She smiles for a few minutes, then drifts out to the parking lot for a smoke, and slides unobtrusively into her car. Pausing only to pick up her Goya, she heads up the highway at legal speeds toward Vancouver. Where, we need not doubt, she has a prepared alternate identity waiting for her.Explanation
Nothing we know about Janice suggests that she panics easily. On the contrary, we get the impression of a cool customer. She will therefore probably weigh the odds of discovery, and if they are on her side, she will tough it out. If not, she will move on to the next thing. We are thus asking, given some risk of discovery, is that risk less than 50%? This is the kind of question we can answer.

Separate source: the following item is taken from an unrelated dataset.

(* Let $\mathbf{E}\subseteq\mathbf{A}$ be finite symmetric integral relation algebras such that $\mathbf{A}$ is a special extension of $\mathbf{E}$, and let $\mathbf{B}$ be the subalgebra of $\mathbf{C}_{\mathbf{E}}(\mathbf{A})$ generated by the set of atoms of $\mathbf{C}_{\mathbf{E}}(\mathbf{A})$. Then: (i) $\mathbf{B}$ is countable, atomic, symmetric, integral, and generated by its atoms; (ii) $\mathbf{C}_{\mathbf{E}}(\mathbf{A})$ and $\mathbf{B}$ have the same atom structure; (iii) $\mathbf{C}_{\mathbf{E}}(\mathbf{A})$ is isomorphic to the complex algebra of the atom structure of $\mathbf{B}$; (iv) $\mathbf{C}_{\mathbf{E}}(\mathbf{A})$ is the completion of $\mathbf{B}$; (v) there are subalgebras $\mathbf{E}'\subseteq\mathbf{A}'\subseteq\mathbf{C}_{\mathbf{E}}(\mathbf{A})$ with $\mathbf{E}'\cong\mathbf{E}$ and $\mathbf{A}'\cong\mathbf{A}$, namely the images of $\mathbf{E}$ and $\mathbf{A}$ under $a\mapsto J(a,0)$; (vi) every finitely generated subalgebra of $\mathbf{B}$ is finite; (vii) every element of $\mathbf{B}$ is almost the same as an element of $\mathbf{E}'$.
   Context: Relation algebras are in the sense of Tarski; $1'$ identity, $0'$ diversity element (complement of $1'$), $;$ relative product, $\overline{x}$ Boolean complement; integral means $1'$ is an atom, symmetric means $x^{\smile}=x$ for all $x$; a diversity atom is an atom below $0'$. $\mathsf{NA}$ denotes the class of non-associative relation algebras (all relation algebra axioms except associativity of $;$). Special extension: for finite symmetric integral relation algebras $\mathbf{E}\subseteq\mathbf{A}$, $\mathbf{A}$ is a special extension of $\mathbf{E}$ if for all diversity atoms $a,b,c$ of $\mathbf{E}$: (1) if not $a=b=c$ and $a;b\ge c$, then $x;y\ge c$ whenever $x,y$ are atoms of $\mathbf{A}$ with $x\le a$, $y\le b$; (2) if $a;a\ge a$ then $x;y\cdot a\neq 0$ whenever $x,y$ are atoms of $\mathbf{A}$ with $x,y\le a$. The algebra $\mathbf{C}_{\mathbf{E}}(\mathbf{A})$: for each atom $x$ of $\mathbf{A}$ let $c(x)$ be the atom of $\mathbf{E}$ with $x\le c(x)$. Let $T\subseteq\omega^3$ be given by $T(i,j,k)$ iff $(i\le j=k)$ or $(j\le k=i)$ or $(k\le i=j)$. Let $At=\{1'\}\cup\{x^{(i)}: x \text{ a diversity atom of }\mathbf{A}, i\in\omega\}$ (distinct formal symbols). Let $C\subseteq At^3$ consist of all permutations of the triples $(1',1',1')$, $(1',x^{(i)},x^{(i)})$, and $(x^{(i)},y^{(j)},z^{(k)})$ for diversity atoms $x,y,z$ of $\mathbf{A}$ and $i,j,k\in\omega$ such that $x;y\ge z$ in $\mathbf{A}$ and, if $c(x)=c(y)=c(z)$, then $T(i,j,k)$. $\mathbf{C}_{\mathbf{E}}(\mathbf{A})$ is the algebra of all subsets of $At$ with set-theoretic Boolean operations, identity $\{1'\}$, converse the identity map, and $X;Y=\{w:\exists u\in X,\exists v\in Y,(u,v,w)\in C\}$; it is a complete atomic member of $\mathsf{NA}$ whose atoms are (identified with) the elements of $At$. For $a\in\mathbf{A}$ and $n\in\omega$, $J(a,n)$ is the join of all $x^{(i)}$ with $x$ a diversity atom of $\mathbf{A}$, $x\le a$, $n\le i$, together with $1'$ if $1'\le a$. Atom structure and complex algebra: the atom structure of an atomic algebra in $\mathsf{NA}$ is $\langle At,C,{}^{\smile},I\rangle$ with $C=\{(x,y,z):x;y\ge z\}$ on atoms and $I$ the atoms below $1'$; its complex algebra is the algebra of subsets of the atoms with $X;Y=\{z:\exists x\in X,\exists y\in Y,(x,y,z)\in C\}$, etc. A completion of $\mathbf{B}$ is a complete algebra $\mathbf{C}$ with $\mathbf{B}$ a dense subalgebra (below every nonzero element of $\mathbf{C}$ lies a nonzero element of $\mathbf{B}$). Two elements of an atomic algebra are almost the same if their symmetric difference is the join of finitely many atoms. *)

theory Defs
  imports Main "HOL-Library.Countable_Set"
begin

Ignoring some fine points, to which we will return in a moment, the problem looks like this. The proportion of kited invoices in the whole file of invoices is 28/4000 = 0.0070. Janice has taken care to be inconspicuous. The auditor's unit of observation is a sample of 150 invoices; not many. Every random sample of that size might be expected to turn up a different mix of things, including different amounts of kited invoices. But the average of such samples ought to be the sample size times the rate of occurrence, or (150)(0.007). This gives us r = 1.05. All Janice needs to do is to look up the Poisson table for r = 1.05, and ask: what is the chance that one such sample will contain zero kited invoices? In fact, she does not even need to do that, since the fact that the rate is a little over 1 tells her than 1 is the likeliest outcome. 1 means that discovery is her likeliest outcome. Janice's decision is accordingly made for her. Done.
All this took only about two seconds, and Janice did it in her head. But those who are less practiced at this stuff may like to see the first few rows of the table for r = 1.05. They look like this:
r = 1.05 p(0) 0.3499 p(1) 0.3674 p(2) 0.1929 p(3) 0.0675
The main point is that the chance of zero kited invoices (which is Janice's chance of getting through the audit undiscovered) is a paltry 0.3499, or 35%. Another way to read the strategy off the table is to note that the likeliest number of kited invoices that will be discovered is 1. It is of no consequence to Janice that the chance of more invoices being discovered dwindles very rapidly. One is enough to do her in. What is make or break for her is the probability of zero invoices: p(0).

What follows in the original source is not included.